Exercise data>
###

(* Let $\mathcal{F}$ be a family of finite subsets of $\mathbb{N}$ with $\bigcup\mathcal{F}=\mathbb{N}$, and assume $\mathcal{F}$ is convergence enforcing. Then there is a finite constant $C=C(\mathcal{F})$ such that for every sequence $(a_i)_{i\in\mathbb{N}}$ of nonnegative reals: if $\sum_{i\in A}a_i\le1$ for all $A\in\mathcal{F}$, then $\sum_{i\in\mathbb{N}}a_i\le C$.
   Context: A family $\mathcal{F}$ of finite subsets of $\mathbb{N}=\{1,2,\ldots\}$ is convergence enforcing if for every sequence $(a_i)_{i\in\mathbb{N}}$ of nonnegative reals: if $\sum_{i\in A}a_i\le1$ for all $A\in\mathcal{F}$, then $\sum_{i\in\mathbb{N}}a_i<\infty$. *)

theory Defs
  imports "HOL-Analysis.Analysis"
begin

text \<open>The paper's N = {1,2,...} is rendered as the set {1..} of type nat.
  A sequence (a_i) indexed by N is a function nat => real, only its values on {1..} matter.\<close>

definition convergence_enforcing :: "nat set set \<Rightarrow> bool" where
  "convergence_enforcing F \<longleftrightarrow>
     (\<forall>a :: nat \<Rightarrow> real. (\<forall>i\<in>{1..}. 0 \<le> a i) \<longrightarrow> (\<forall>A\<in>F. sum a A \<le> 1)
        \<longrightarrow> a summable_on {1..})"

end

theory Submission
  imports Defs
begin

text \<open>Otherwise there are admissible sequences \<open>a\<^sub>k\<close> of total mass greater than
  \<open>k 2\<^sup>k\<^sup>+\<^sup>1\<close>. Since every index lies in some \<open>A \<in> F\<close>, admissibility forces all entries
  into \<open>[0,1]\<close>, so the mixture \<open>b = \<Sum>\<^sub>k 2\<^sup>-\<^sup>k\<^sup>-\<^sup>1 a\<^sub>k\<close> converges pointwise and is again
  admissible. By convergence enforcement \<open>b\<close> is summable, yet its mass exceeds \<open>2\<^sup>-\<^sup>k\<^sup>-\<^sup>1\<close>
  times the mass of \<open>a\<^sub>k\<close>, i.e. exceeds every \<open>k\<close>.\<close>

definition admissible :: "'a set \<Rightarrow> 'a set set \<Rightarrow> ('a \<Rightarrow> real) \<Rightarrow> bool" where
  "admissible S F a \<longleftrightarrow> (\<forall>i\<in>S. 0 \<le> a i) \<and> (\<forall>A\<in>F. sum a A \<le> 1)"

lemma member_le_one_if_sum_le_one:
  fixes a :: "'a \<Rightarrow> real"
  assumes "finite A" "i \<in> A" "\<And>j. j \<in> A \<Longrightarrow> 0 \<le> a j" "sum a A \<le> 1"
  shows "a i \<le> 1"
  by (rule order_trans[OF member_le_sum assms(4)]) (use assms in auto)

lemma summable_weighted_unit_interval:
  fixes w x :: "nat \<Rightarrow> real"
  assumes "summable w" "\<And>k. 0 \<le> w k" "\<And>k. 0 \<le> x k" "\<And>k. x k \<le> 1"
  shows "summable (\<lambda>k. w k * x k)"
  by (rule summable_comparison_test'[OF assms(1)]) (use assms in \<open>simp add: abs_mult mult_left_le\<close>)

lemma sum_suminf_mixture_le:
  fixes w :: "nat \<Rightarrow> real" and a :: "nat \<Rightarrow> 'a \<Rightarrow> real"
  assumes "finite A" "summable w" "\<And>k. 0 \<le> w k"
    and "\<And>k i. i \<in> A \<Longrightarrow> 0 \<le> a k i" "\<And>k. sum (a k) A \<le> 1"
  shows "(\<Sum>i\<in>A. \<Sum>k. w k * a k i) \<le> (\<Sum>k. w k)"
proof -
  have "summable (\<lambda>k. w k * a k i)" if "i \<in> A" for i
  proof (rule summable_weighted_unit_interval[OF assms(2,3) assms(4)[OF that]])
    show "a k i \<le> 1" for k
      by (rule member_le_one_if_sum_le_one[OF assms(1) that]) (use assms in auto)
  qed
  then have "(\<Sum>i\<in>A. \<Sum>k. w k * a k i) = (\<Sum>k. w k * sum (a k) A)"
    by (simp add: suminf_sum sum_distrib_left)
  also have "\<dots> \<le> (\<Sum>k. w k)"
  proof (rule suminf_le)
    show "w k * sum (a k) A \<le> w k" for k
      using assms(3,5) by (simp add: mult_left_le)
    show "summable (\<lambda>k. w k * sum (a k) A)"
      using assms(4,5) by (intro summable_weighted_unit_interval[OF assms(2,3)] sum_nonneg)
  qed (fact assms(2))
  finally show ?thesis .
qed

lemma infsum_mixture_ge:
  fixes w :: "nat \<Rightarrow> real" and a :: "nat \<Rightarrow> 'a \<Rightarrow> real"
  assumes "(\<lambda>i. \<Sum>k. w k * a k i) summable_on S" "a n summable_on S" "\<And>k. 0 \<le> w k"
    and "\<And>k i. i \<in> S \<Longrightarrow> 0 \<le> a k i" "\<And>i. i \<in> S \<Longrightarrow> summable (\<lambda>k. w k * a k i)"
  shows "w n * infsum (a n) S \<le> infsum (\<lambda>i. \<Sum>k. w k * a k i) S"
proof -
  have "w n * infsum (a n) S = infsum (\<lambda>i. w n * a n i) S"
    by (simp add: infsum_cmult_right assms(2))
  also have "\<dots> \<le> infsum (\<lambda>i. \<Sum>k. w k * a k i) S"
  proof (rule infsum_mono)
    show "w n * a n i \<le> (\<Sum>k. w k * a k i)" if "i \<in> S" for i
      using sum_le_suminf[OF assms(5)[OF that], of "{n}"] assms(3,4) that by simp
  qed (use assms(1,2) summable_on_cmult_right in auto)
  finally show ?thesis .
qed

lemma admissible_le_one:
  assumes "admissible S F a" "\<forall>A\<in>F. finite A \<and> A \<subseteq> S" "i \<in> \<Union>F"
  shows "a i \<le> 1"
proof -
  obtain A where A: "A \<in> F" "i \<in> A"
    using assms(3) by blast
  with assms(2) have "finite A" "A \<subseteq> S"
    by auto
  show ?thesis
    by (rule member_le_one_if_sum_le_one[OF \<open>finite A\<close> A(2)])
      (use assms(1) A \<open>A \<subseteq> S\<close> in \<open>auto simp: admissible_def\<close>)
qed

lemma summable_mixture:
  assumes "\<And>k. admissible S F (a k)" "\<forall>A\<in>F. finite A \<and> A \<subseteq> S" "\<Union>F = S"
    and "summable w" "\<And>k. 0 \<le> w k" "i \<in> S"
  shows "summable (\<lambda>k. w k * a k i)"
proof (rule summable_weighted_unit_interval[OF assms(4,5)])
  show "0 \<le> a k i" for k
    using assms(1,6) unfolding admissible_def by blast
  show "a k i \<le> 1" for k
    by (rule admissible_le_one[OF assms(1,2)]) (use assms(3,6) in auto)
qed

lemma admissible_mixture:
  assumes "\<And>k. admissible S F (a k)" "\<forall>A\<in>F. finite A \<and> A \<subseteq> S" "\<Union>F = S"
    and "summable w" "\<And>k. 0 \<le> w k" "suminf w \<le> 1"
  shows "admissible S F (\<lambda>i. \<Sum>k. w k * a k i)"
  unfolding admissible_def
proof
  show "\<forall>i\<in>S. 0 \<le> (\<Sum>k. w k * a k i)"
    using assms(1,5) summable_mixture[OF assms(1-5)] unfolding admissible_def
    by (auto intro!: suminf_nonneg)
  show "\<forall>A\<in>F. (\<Sum>i\<in>A. \<Sum>k. w k * a k i) \<le> 1"
  proof
    fix A assume "A \<in> F"
    with assms(2) have "finite A" "A \<subseteq> S"
      by auto
    with assms(1) \<open>A \<in> F\<close> have "(\<Sum>i\<in>A. \<Sum>k. w k * a k i) \<le> suminf w"
      unfolding admissible_def by (intro sum_suminf_mixture_le[OF _ assms(4,5)]) auto
    with assms(6) show "(\<Sum>i\<in>A. \<Sum>k. w k * a k i) \<le> 1"
      by linarith
  qed
qed

lemma convergence_enforcing_summable:
  "convergence_enforcing F \<Longrightarrow> admissible {1..} F a \<Longrightarrow> a summable_on {1..}"
  unfolding convergence_enforcing_def admissible_def by blast

lemma admissible_infsum_bounded:
  assumes "\<forall>A\<in>F. finite A \<and> A \<subseteq> {1..}" "\<Union>F = {1..}" "convergence_enforcing F"
  shows "\<exists>C. \<forall>a. admissible {1..} F a \<longrightarrow> infsum a {1..} \<le> C"
proof (rule ccontr)
  note admissible_summable = convergence_enforcing_summable[OF assms(3)]
  assume "\<not> ?thesis"
  then have "\<exists>a. admissible {1..} F a \<and> 2 ^ Suc k * real k < infsum a {1..}" for k
    by (meson not_le)
  then obtain a :: "nat \<Rightarrow> nat \<Rightarrow> real" where a: "\<And>k. admissible {1..} F (a k)"
    and a_large: "\<And>k. 2 ^ Suc k * real k < infsum (a k) {1..}"
    by metis
  define w :: "nat \<Rightarrow> real" where "w = (\<lambda>k. (1/2) ^ Suc k)"
  have "w sums 1"
    unfolding w_def by (rule power_half_series)
  then have w: "summable w" "suminf w = 1" "\<And>k. 0 \<le> w k"
    by (auto simp: sums_iff w_def simp del: power_Suc)
  have b: "admissible {1..} F (\<lambda>i. \<Sum>k. w k * a k i)"
    using admissible_mixture[OF a assms(1,2) w(1,3)] w(2) by simp
  have "real k < infsum (\<lambda>i. \<Sum>k. w k * a k i) {1..}" for k
  proof -
    have "real k = w k * (2 ^ Suc k * real k)"
      by (simp add: w_def power_one_over)
    also have "\<dots> < w k * infsum (a k) {1..}"
      by (intro mult_strict_left_mono a_large) (simp add: w_def)
    also have "\<dots> \<le> infsum (\<lambda>i. \<Sum>k. w k * a k i) {1..}"
      using a b admissible_summable summable_mixture[OF a assms(1,2) w(1,3)] w(3)
      by (intro infsum_mixture_ge) (auto simp: admissible_def)
    finally show ?thesis .
  qed
  then show False
    using reals_Archimedean2 not_less_iff_gr_or_eq by blast
qed

theorem proposition4p2:
  fixes F :: "nat set set"
  assumes "\<forall>A\<in>F. finite A \<and> A \<subseteq> {1..}"
    and "\<Union>F = {1..}"
    and "convergence_enforcing F"
  shows "\<exists>C :: real. \<forall>a :: nat \<Rightarrow> real. (\<forall>i\<in>{1..}. 0 \<le> a i) \<longrightarrow> (\<forall>A\<in>F. sum a A \<le> 1)
           \<longrightarrow> a summable_on {1..} \<and> infsum a {1..} \<le> C"
proof -
  obtain C where "\<And>a. admissible {1..} F a \<Longrightarrow> infsum a {1..} \<le> C"
    using admissible_infsum_bounded[OF assms] by blast
  with convergence_enforcing_summable[OF assms(3)] show ?thesis
    unfolding admissible_def by blast
qed

end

###

Exercise description> Locate the lines above that contain "exceeds" and copy them.

Written answer>
  admissible. By convergence enforcement \<open>b\<close> is summable, yet its mass exceeds \<open>2\<^sup>-\<^sup>k\<^sup>-\<^sup>1\<close>
  times the mass of \<open>a\<^sub>k\<close>, i.e. exceeds every \<open>k\<close>.\<close>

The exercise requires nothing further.